D’où l’importance de contrôler la longueur de la période de référence qui sert de base au calcul de la durée moyenne de travail. Le CEDS reconnaît qu’une période ne dépassant pas 4 ou 6 mois est acceptable et, dans des cas exceptionnels, pourquoi pas une période d’un an maximum à condition de justifier cette extension par des motifs objectifs ou techniques ou pour des raisons tenant à l’organisation du travail.

En revanche, il considère qu’une période de référence dépassant 12 mois n’était pas admise quand bien même les salariés ne travailleraient pas 48 heures par semaine !

La logique est simple : plus la période de référence est longue plus elle offre de la souplesse pour répartir le temps de travail de façon inégale.

Ce qui permet d’aboutir, à certains moments à des durées de travail hebdomadaires excessivement longues sur des périodes elles-mêmes rallongées...

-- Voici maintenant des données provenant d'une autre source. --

definition sim_conj :: "('a, 'b) monoid_scheme \<Rightarrow> nat \<Rightarrow> 'a \<Rightarrow> (nat \<Rightarrow> 'a) \<Rightarrow> (nat \<Rightarrow> 'a)" where
  "sim_conj G n g x = restrict (\<lambda>i. g \<otimes>\<^bsub>G\<^esub> x i \<otimes>\<^bsub>G\<^esub> inv\<^bsub>G\<^esub> g) {0..<n}"

definition conj_orbit :: "('a, 'b) monoid_scheme \<Rightarrow> nat \<Rightarrow> (nat \<Rightarrow> 'a) \<Rightarrow> (nat \<Rightarrow> 'a) set" where
  "conj_orbit G n x = (\<lambda>g. sim_conj G n g x) ` carrier G"

definition num_orbits :: "('a, 'b) monoid_scheme \<Rightarrow> nat \<Rightarrow> (nat \<Rightarrow> 'a) set \<Rightarrow> nat" where
  "num_orbits G n S = card (image (conj_orbit G n) S)"

definition alpha :: "('a, 'b) monoid_scheme \<Rightarrow> nat \<Rightarrow> nat" where
  "alpha G n = num_orbits G n (tuples G n)"

definition beta :: "('a, 'b) monoid_scheme \<Rightarrow> nat \<Rightarrow> nat" where
  "beta G n = num_orbits G n (comm_tuples G n)"

definition A_series :: "('a, 'b) monoid_scheme \<Rightarrow> int fps" where
  "A_series G = Abs_fps (\<lambda>n. int (alpha G n))"

definition B_series :: "('a, 'b) monoid_scheme \<Rightarrow> int fps" where
  "B_series G = Abs_fps (\<lambda>n. int (beta G n))"

end

theory Submission
  imports Defs "HOL-Library.Equipollence"
begin

text \<open>
  An isoclinism identifies \<open>G/Z(G)\<close> with \<open>H/Z(H)\<close> and \<open>G'\<close> with \<open>H'\<close> compatibly
  with commutators. If \<open>|G| = |H|\<close>, Lagrange gives \<open>|Z(G)| = |Z(H)|\<close>, so the bijection of
  coset spaces lifts to a bijection \<open>f : G \<rightarrow> H\<close> sending each coset of \<open>Z(G)\<close> into the
  corresponding coset of \<open>Z(H)\<close>. Then \<open>[f a, f b]\<close> is the image of \<open>[a, b]\<close> under the
  isomorphism \<open>G' \<cong> H'\<close>, so \<open>f\<close> preserves and reflects commutation.
  By Burnside's lemma, \<open>|G|\<close> times the number of orbits on a stable set of \<open>n\<close>-tuples is the
  number of pairs \<open>(g, x)\<close> with \<open>g\<close> commuting with every entry of \<open>x\<close>. Applying \<open>f\<close>
  entrywise matches these pairs for \<open>G\<close> and \<open>H\<close>, both on all tuples and on pairwise
  commuting ones.
\<close>

lemma (in group) grp_comm_eq_one_iff:
  assumes "a \<in> carrier G" "b \<in> carrier G"
  shows "grp_comm G a b = \<one> \<longleftrightarrow> a \<otimes> b = b \<otimes> a"
proof -
  have "grp_comm G a b = inv (b \<otimes> a) \<otimes> (a \<otimes> b)"
    unfolding grp_comm_def using assms by (simp add: inv_mult_group m_assoc)
  also have "\<dots> = \<one> \<longleftrightarrow> a \<otimes> b = b \<otimes> a"
    using assms by (metis inv_equality inv_inv m_closed r_inv inv_closed)
  finally show ?thesis .
qed

lemma (in group) grp_comm_in_derived:
  assumes "a \<in> carrier G" "b \<in> carrier G"
  shows "grp_comm G a b \<in> derived G (carrier G)"
proof -
  have "grp_comm G a b = inv a \<otimes> inv b \<otimes> inv (inv a) \<otimes> inv (inv b)"
    unfolding grp_comm_def using assms by simp
  also have "\<dots> \<in> derived_set G (carrier G)"
    using assms by blast
  finally show ?thesis
    unfolding derived_def by (rule generate.incl)
qed

lemma commute_iff_by_commutator_iso:
  assumes "group G" "group H" and \<phi>: "\<phi> \<in> iso (comm_subgrp G) (comm_subgrp H)"
    and "a \<in> carrier G" "b \<in> carrier G" "c \<in> carrier H" "d \<in> carrier H"
    and comm: "\<phi> (grp_comm G a b) = grp_comm H c d"
  shows "a \<otimes>\<^bsub>G\<^esub> b = b \<otimes>\<^bsub>G\<^esub> a \<longleftrightarrow> c \<otimes>\<^bsub>H\<^esub> d = d \<otimes>\<^bsub>H\<^esub> c"
proof -
  interpret G: group G by fact
  interpret H: group H by fact
  have groups: "group (comm_subgrp G)" "group (comm_subgrp H)"
    unfolding comm_subgrp_def
    by (simp_all add: G.derived_is_subgroup H.derived_is_subgroup
        G.subgroup_imp_group H.subgroup_imp_group)
  interpret \<phi>: group_hom "comm_subgrp G" "comm_subgrp H" \<phi>
    using groups \<phi> by (simp add: group_hom_def group_hom_axioms_def iso_def)
  have one: "\<phi> \<one>\<^bsub>G\<^esub> = \<one>\<^bsub>H\<^esub>"
    using \<phi>.hom_one by (simp add: comm_subgrp_def)
  have "inj_on \<phi> (derived G (carrier G))"
    using \<phi> by (simp add: iso_def bij_betw_def comm_subgrp_def)
  moreover have "\<one>\<^bsub>G\<^esub> \<in> derived G (carrier G)"
    using G.derived_is_subgroup subgroup.one_closed by blast
  ultimately have "grp_comm G a b = \<one>\<^bsub>G\<^esub> \<longleftrightarrow> grp_comm H c d = \<one>\<^bsub>H\<^esub>"
    using G.grp_comm_in_derived assms(4,5) comm one by (metis inj_on_eq_iff)
  then show ?thesis
    using G.grp_comm_eq_one_iff H.grp_comm_eq_one_iff assms(4-7) by simp
qed

lemma (in group) subgroup_grp_center: "subgroup (grp_center G) G"
proof
  show "grp_center G \<subseteq> carrier G"
    by (auto simp: grp_center_def)
  show "\<one> \<in> grp_center G"
    by (auto simp: grp_center_def)
next
  fix x y assume "x \<in> grp_center G" "y \<in> grp_center G"
  then have x: "x \<in> carrier G" "\<And>g. g \<in> carrier G \<Longrightarrow> x \<otimes> g = g \<otimes> x"
    and y: "y \<in> carrier G" "\<And>g. g \<in> carrier G \<Longrightarrow> y \<otimes> g = g \<otimes> y"
    by (auto simp: grp_center_def)
  have "x \<otimes> y \<otimes> g = g \<otimes> (x \<otimes> y)" if g: "g \<in> carrier G" for g
  proof -
    have "x \<otimes> y \<otimes> g = x \<otimes> (g \<otimes> y)"
      using x(1) y(1) y(2)[OF g] g by (simp add: m_assoc)
    also have "\<dots> = g \<otimes> (x \<otimes> y)"
      using x(1) x(2)[OF g] y(1) g by (simp add: m_assoc[symmetric])
    finally show ?thesis .
  qed
  then show "x \<otimes> y \<in> grp_center G"
    using x(1) y(1) by (auto simp: grp_center_def)
next
  fix x assume "x \<in> grp_center G"
  then have x: "x \<in> carrier G" "\<And>g. g \<in> carrier G \<Longrightarrow> x \<otimes> g = g \<otimes> x"
    by (auto simp: grp_center_def)
  have "inv x \<otimes> g = g \<otimes> inv x" if g: "g \<in> carrier G" for g
  proof -
    have "inv x \<otimes> g = inv x \<otimes> (g \<otimes> x) \<otimes> inv x"
      using x(1) g by (simp add: m_assoc)
    also have "\<dots> = g \<otimes> inv x"
      using x(1) x(2)[OF g, symmetric] g by (simp add: m_assoc[symmetric])
    finally show ?thesis .
  qed
  then show "inv x \<in> grp_center G"
    using x(1) by (auto simp: grp_center_def)
qed

lemma partition_bij_lift:
  assumes \<theta>: "bij_betw \<theta> P Q"
    and "\<Union>P = A" "\<Union>Q = B" "pairwise disjnt P" "pairwise disjnt Q"
    and eqpoll: "\<And>C. C \<in> P \<Longrightarrow> C \<approx> \<theta> C"
  obtains f where "bij_betw f A B" "\<And>C x. C \<in> P \<Longrightarrow> x \<in> C \<Longrightarrow> f x \<in> \<theta> C"
proof -
  obtain b where b: "\<And>C. C \<in> P \<Longrightarrow> bij_betw (b C) C (\<theta> C)"
    using eqpoll unfolding eqpoll_def by metis
  define block where "block x = (SOME C. C \<in> P \<and> x \<in> C)" for x
  have block: "block x = C" if "C \<in> P" "x \<in> C" for C x
    using that \<open>pairwise disjnt P\<close> unfolding block_def
    by (rule_tac some_equality) (auto simp: pairwise_def disjnt_def)
  define f where "f x = b (block x) x" for x
  have f: "f x \<in> \<theta> C" if "C \<in> P" "x \<in> C" for C x
    using that b[of C] block by (auto simp: f_def dest: bij_betwE)
  have "inj_on f A"
  proof
    fix x y assume "x \<in> A" "y \<in> A" and eq: "f x = f y"
    then obtain C D where CD: "C \<in> P" "x \<in> C" "D \<in> P" "y \<in> D"
      using \<open>\<Union>P = A\<close> by blast
    have "\<theta> C \<in> Q" "\<theta> D \<in> Q"
      using CD \<theta> by (auto dest: bij_betwE)
    then have "\<theta> C = \<theta> D"
      using f[OF CD(1,2)] f[OF CD(3,4)] eq \<open>pairwise disjnt Q\<close>
      by (metis disjnt_iff pairwiseD)
    then have "C = D"
      using \<theta> CD by (metis bij_betw_imp_inj_on inj_on_eq_iff)
    moreover have "b C x = b C y"
      using eq CD block \<open>C = D\<close> by (simp add: f_def)
    ultimately show "x = y"
      using b[OF CD(1)] CD by (auto simp: bij_betw_def dest: inj_onD)
  qed
  moreover have "f ` A = B"
  proof
    show "f ` A \<subseteq> B"
    proof
      fix y assume "y \<in> f ` A"
      then obtain C x where "C \<in> P" "x \<in> C" "y = f x"
        using \<open>\<Union>P = A\<close> by blast
      then show "y \<in> B"
        using f \<theta> \<open>\<Union>Q = B\<close> by (blast dest: bij_betwE)
    qed
  next
    show "B \<subseteq> f ` A"
    proof
      fix y assume "y \<in> B"
      then obtain C where C: "C \<in> P" "y \<in> \<theta> C"
        using \<theta> \<open>\<Union>Q = B\<close> by (metis UnionE bij_betw_def imageE)
      then obtain x where "x \<in> C" "y = b C x"
        using b[OF C(1)] by (metis bij_betw_def imageE)
      then show "y \<in> f ` A"
        using C block \<open>\<Union>P = A\<close> by (auto simp: f_def)
    qed
  qed
  ultimately show ?thesis
    using f that by (auto simp: bij_betw_def)
qed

Pour le CEDS, la période de 3 ans maximum prévue par le droit français n’est pas raisonnable et est contraire à l’article 4§2 de la Charte ! Elle a pour effet de priver les travailleurs du droit à un taux de rémunération majorée pour les heures supplémentaires.

L’effort accru du côté du salarié ne sera pas compensé par une majoration de salaire et l'on ne peut pas considérer que le temps de repos accordé constitue une compensation adéquate. Cela pourrait « avoir des effets négatifs sur la santé et la sécurité ainsi que sur l’équilibre entre la vie professionnelle et la vie privée des salariés ».

  • Des modalités d’information des travailleurs jugées conformes

A titre accessoire, l’OS affirmait que ce dispositif d’aménagement ne permettait pas aux salariés de prévoir leur durée du travail dans la mesure où ils devaient simplement être « informés dans un délai raisonnable de tout changement dans la répartition de leur durée de travail » et que c’est seulement à défaut de dispositions conventionnelles que la loi impose un délai de prévenance de 7 jours en cas de modification.

Sur ce point, le Comité ne suit pas !

Il considère au contraire que le dispositif mis en place par le droit français est suffisant : affichage des horaires de travail et de la répartition de la durée du travail, transmission de cet affichage à l’inspection du travail, exigence d’un délai de prévenance raisonnable ou, à défaut de précision dans l’accord, de 7 jours...

Selon lui, le droit des travailleurs d’être informé de tout changement d’horaires de travail est donc respecté.

  • Une décision importante, mais dont la portée demeure relative

La décision rendue par le CEDS n’est pas à prendre à la légère, bien au contraire ! Elle illustre une fois encore les décalages existants entre les "préconisations" européennes et notre droit sur la question du temps de travail.

Néanmoins, pour plusieurs raisons, la portée de cette décision doit être nuancée.

-D’un, elle ne remet pas en cause le dispositif d’aménagement du temps de travail en lui-même et notamment, la possibilité offerte aux employeurs d’entreprises de moins de 50 salariés de mettre en place unilatéralement un tel dispositif sur une période de 9 semaines maximum, ce qui est regrettable…

-De deux, elle n’aura en pratique, que peu d’impact non seulement parce qu’une modulation du temps de travail sur plusieurs années n’est pas à la portée de n’importe quelle entreprise (seules celles qui sont en capacité d’avoir une visibilité à long terme quant à leur activité sont finalement susceptibles d’y avoir recours) mais également parce qu’à ce jour, seule une branche (la métallurgie) s’en est saisie !

-Enfin, rappelons que le CEDS n’est pas une juridiction, mais une instance de contrôle du Conseil de l’Europe, chargée d’examiner le respect de la Charte sociale européenne par les Etats membres, et qu’à ce titre, ses décisions n’ont pas d’effet contraignant dans les droits nationaux. En revanche, elles peuvent être à l’origine d’évolutions législatives, ou encore invoquées par les parties dans le cadre de contentieux et suivies par les juges.

Il reste donc à voir de quelle manière le droit français va se saisir (ou non) de cette décision…

 

 



(1) Art. L.3121-45 C.trav.

(2) Art. L.3121-44 C.trav.

(3) Art. L.3121-42 C.trav.

(4) Art. L.3121-47 C.trav.

 

 

(1) Loi Travail n°2016-1088 du 8.08.16.